Wanting to be more impactful, Lewis spoke with a psychologist who suggested that to make a meaningful change in students’ lives, he’d need to reach them at a younger age. The psychologist told Lewis that after age 12, it takes a significant emotional event to modify an individual’s behavior. In response, he tried speaking to elementary-school students but quickly learned that after several minutes, it was just as difficult to hold their attention.

After careful consideration, Lewis decided to develop illustrative books to go along with his presentations. The subject matter, combined with corresponding imagery, would help him better communicate his messages.

“Eight to nine seems to be the optimum age for students to be interested in and comprehend the subjects of my books,” Lewis noted. His books also contain resources for parents, enabling them to reinforce these same messages at home.

Managing Outreach Costs

Lewis initially paid for much of the expense of producing the books and giving them away for free. However, demand soon increased, compelling him to find better ways to finance and deliver his storybooks.

In 2005, Lewis founded Literary Engineers, a for-profit book publisher. Eleven years later, he established Literary Tools, a 501(c)(3) nonprofit, to help coordinate funding. “We’re creating tools for school groups, providing businesses ways to give back, and helping other organizations make a difference in the communities they serve,” he said. And with his drive and positive attitude, he continues to find new sources of investment.

Lewis displays some of his books at a Community Day Celebrating Literacy hosted by Literary Tools.

Lewis created a customized book, Making It Better in Vallejo, highlighting the Vallejo Police Department (VPD), in Vallejo, Calif. For the last three years, third graders in the district have attended presentations by VPD law enforcement officers. After the talks, many of the students line up for police autographs and photos, and the books are theirs to keep.

“The entire activity was designed to improve the relationship between law enforcement and kids,” Lewis observed. The events have been a huge success, and the books were financed through a variety of sources, including the VPD’s asset forfeitures.

Financing for some of Lewis’s books comes from resources such as the 21st Century Community Learning Centers Program, established by Congress to award grants to rural and inner-city public schools.

During the COVID-19 pandemic, it became difficult for Lewis to continue his philanthropy. To meet this new challenge, he created an online “literary portal” as a means of giving kids electronic access to books and resources. Lewis’s online storybooks are presented in English and Spanish, and several include a voice-over feature.

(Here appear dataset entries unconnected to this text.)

lemma sum_le_if_card_eq_elementwise_le:
  fixes f :: "'a \<Rightarrow> real"
  assumes "finite X" "card X = card Y" "\<And>x y. x \<in> X \<Longrightarrow> y \<in> Y \<Longrightarrow> f x \<le> f y"
  shows "sum f X \<le> sum f Y"
proof (cases "X = {}")
  case True
  then have "card Y = 0" using assms(2) by simp
  then show ?thesis using True by (cases "finite Y") auto
next
  case False
  define t where "t = Max (f ` X)"
  have "t \<in> f ` X" using False assms(1) by (simp add: t_def)
  then have t_le: "\<And>y. y \<in> Y \<Longrightarrow> t \<le> f y" using assms(3) by blast
  have "sum f X \<le> of_nat (card X) * t"
    using sum_bounded_above[of X f t] assms(1) by (simp add: t_def)
  also have "\<dots> = of_nat (card Y) * t" using assms(2) by simp
  also have "\<dots> \<le> sum f Y"
    using sum_bounded_below[of Y t f] t_le by simp
  finally show ?thesis .
qed

lemma sum_cheapest_le:
  assumes S: "S \<subseteq> {..<m}" "card S = k"
  shows "sum chi (cheapest m chi k) \<le> sum chi S"
proof -
  define A where "A = cheapest m chi k"
  have "finite S" using S finite_subset by blast
  have "card A = k"
    using card_mono[OF finite_lessThan S(1)] S(2) card_cheapest[of m chi k] by (simp add: A_def)
  then have "card (A - S) = card (S - A)"
    using \<open>finite S\<close> S(2) by (simp add: card_Diff_subset_Int A_def Int_commute)
  then have "sum chi (A - S) \<le> sum chi (S - A)"
    using S(1) cheaper_if_cheapest_notin cheaper_imp_le
    by (intro sum_le_if_card_eq_elementwise_le) (auto simp: A_def)
  moreover have "sum chi A = sum chi (A - S) + sum chi (A \<inter> S)"
    using sum.Int_Diff[of A chi S] by (simp add: A_def)
  moreover have "sum chi S = sum chi (S - A) + sum chi (A \<inter> S)"
    using \<open>finite S\<close> sum.Int_Diff[of S chi A] by (simp add: inf_commute)
  ultimately show ?thesis by (simp add: A_def)
qed

lemma cheapest_SucE:
  assumes "k < m"
  obtains x where "x < m" "x \<notin> cheapest m chi k" "cheapest m chi (Suc k) = insert x (cheapest m chi k)"
proof -
  have sub: "cheapest m chi k \<subseteq> cheapest m chi (Suc k)" by (rule cheapest_mono) simp
  then have "card (cheapest m chi (Suc k) - cheapest m chi k) = 1"
    using assms by (simp add: card_Diff_subset card_cheapest)
  then obtain x where x: "cheapest m chi (Suc k) - cheapest m chi k = {x}" by (rule card_1_singletonE)
  show ?thesis
  proof (rule that)
    show "x < m" using x cheapest_subset by blast
    show "x \<notin> cheapest m chi k" using x by blast
    show "cheapest m chi (Suc k) = insert x (cheapest m chi k)" using x sub by blast
  qed
qed

lemma cheapest_raise_outside:
  assumes eq: "\<And>j. j \<in> cheapest m chi k \<Longrightarrow> chi' j = chi j"
    and ge: "\<And>j. chi j \<le> chi' j"
  shows "cheapest m chi' k = cheapest m chi k"
proof -
  define A where "A = cheapest m chi k"
  have same_order: "cheaper chi' j' j \<longleftrightarrow> cheaper chi j' j" if j: "j \<in> A" and j': "j' < m" for j j'
  proof (cases "j' \<in> A")
    case True
    then have "chi' j' = chi j'" "chi' j = chi j" using j eq by (simp_all add: A_def)
    then show ?thesis unfolding cheaper_def by simp
  next
    case False
    then have "cheaper chi j j'" using j j' cheaper_if_cheapest_notin by (simp add: A_def)
    moreover have "chi' j = chi j" using j eq by (simp add: A_def)
    ultimately show ?thesis using ge[of j'] unfolding cheaper_def by linarith
  qed
  have "A \<subseteq> cheapest m chi' k"
  proof
    fix j assume j: "j \<in> A"
    have "{j' \<in> {..<m}. cheaper chi' j' j} = {j' \<in> {..<m}. cheaper chi j' j}"
      using same_order[OF j] by blast
    then show "j \<in> cheapest m chi' k" using j by (simp add: A_def cheapest_def)
  qed
  moreover have "card A = card (cheapest m chi' k)" by (simp add: A_def card_cheapest)
  ultimately show ?thesis using card_subset_eq[OF finite_cheapest] by (metis A_def)
qed

section \<open>Demand of a symmetric submodular valuation\<close>

abbreviation cheapest_profit :: "nat \<Rightarrow> (nat set \<Rightarrow> real) \<Rightarrow> (nat \<Rightarrow> real) \<Rightarrow> nat \<Rightarrow> real" where
  "cheapest_profit m f chi k \<equiv> net_value f chi (cheapest m chi k)"

(* With S \<subset> T the k and k+1 cheapest items, T = S + x and y the next item: symmetry gives
   f (S + y) = f T, submodularity bounds the marginal value of y at T by that at S, and chi x \<le> chi y. *)
lemma cheapest_profit_concave:
  assumes sym: "symmetric_on {..<m} f" and submod: "submodular_on {..<m} f"
    and k: "Suc (Suc k) \<le> m"
  shows "cheapest_profit m f chi (Suc (Suc k)) - cheapest_profit m f chi (Suc k)
    \<le> cheapest_profit m f chi (Suc k) - cheapest_profit m f chi k"
proof -
  define S where "S = cheapest m chi k"
  define T where "T = cheapest m chi (Suc k)"
  have "k < m" "Suc k < m" using k by simp_all
  obtain x where x: "x < m" "x \<notin> S" "T = insert x S"
    unfolding S_def T_def using \<open>k < m\<close> by (rule cheapest_SucE)
  obtain y where y: "y < m" "y \<notin> T" "cheapest m chi (Suc (Suc k)) = insert y T"
    unfolding T_def using \<open>Suc k < m\<close> by (rule cheapest_SucE)
  have "T \<subseteq> {..<m}" by (simp add: T_def cheapest_subset)
  have "finite S" by (simp add: S_def)
  have "y \<notin> S" using x(3) y(2) by blast
  have "S \<subseteq> T" using x(3) by blast
  then have "f (insert y S) - f S \<ge> f (insert y T) - f T"
    using submod[unfolded submodular_on_def, rule_format, of S T y] \<open>T \<subseteq> {..<m}\<close> y(1,2) by simp
  moreover have "f (insert y S) = f T"
  proof -
    have "card (insert y S) = card T"
      using \<open>finite S\<close> \<open>y \<notin> S\<close> x(2,3) by simp
    moreover have "insert y S \<subseteq> {..<m}" using x(3) y(1) \<open>T \<subseteq> {..<m}\<close> by blast
    ultimately show ?thesis
      using sym[unfolded symmetric_on_def, rule_format, of "insert y S" T] \<open>T \<subseteq> {..<m}\<close> by simp
  qed
  moreover have "chi x \<le> chi y"
    using cheaper_if_cheapest_notin[of x m chi "Suc k" y] cheaper_imp_le x y by (auto simp: T_def)
  ultimately show ?thesis
    using x y \<open>finite S\<close> unfolding net_value_def S_def[symmetric] T_def[symmetric]
    by simp
qed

Making a Personal Connection

After giving a presentation at a school in Casper, Wyo., one of the parents walked up to Lewis and said, “I want to thank you for what you did for my daughter.”

The previous year, the woman’s daughter had attended one of Lewis’s presentations. She had issues with her right arm and Lewis rolled up his sleeve to show the girl third-degree burn scars he has on his right arm. “You and I are just the same,” he told her. “If I can make my dreams come true, so can you.” The two then took a photo together.

The mother later made a poster of the photo and put it on her daughter’s wall. The girl posts information about her personal goals all around it. Whenever she has a bad day, she stares at the image and remembers that all things are possible.

“It’s humbling for me to hear that my books are making a difference. My whole purpose is to help people,” Lewis acknowledged.

Lewis poses with Southwest Airlines employees following an event at Oakland International Airport where he distributed his books.

Lewis now has his sights set on helping more people get involved and making a difference. Last June, he partnered with Southwest Airlines Oakland hub and donated more than 300 books to Southwest employees and their passengers. “Seeing so many smiles was contagious,” Lewis remarked. While he realizes that he can’t be everywhere, Lewis appreciates that so many people want to help improve conditions in their communities.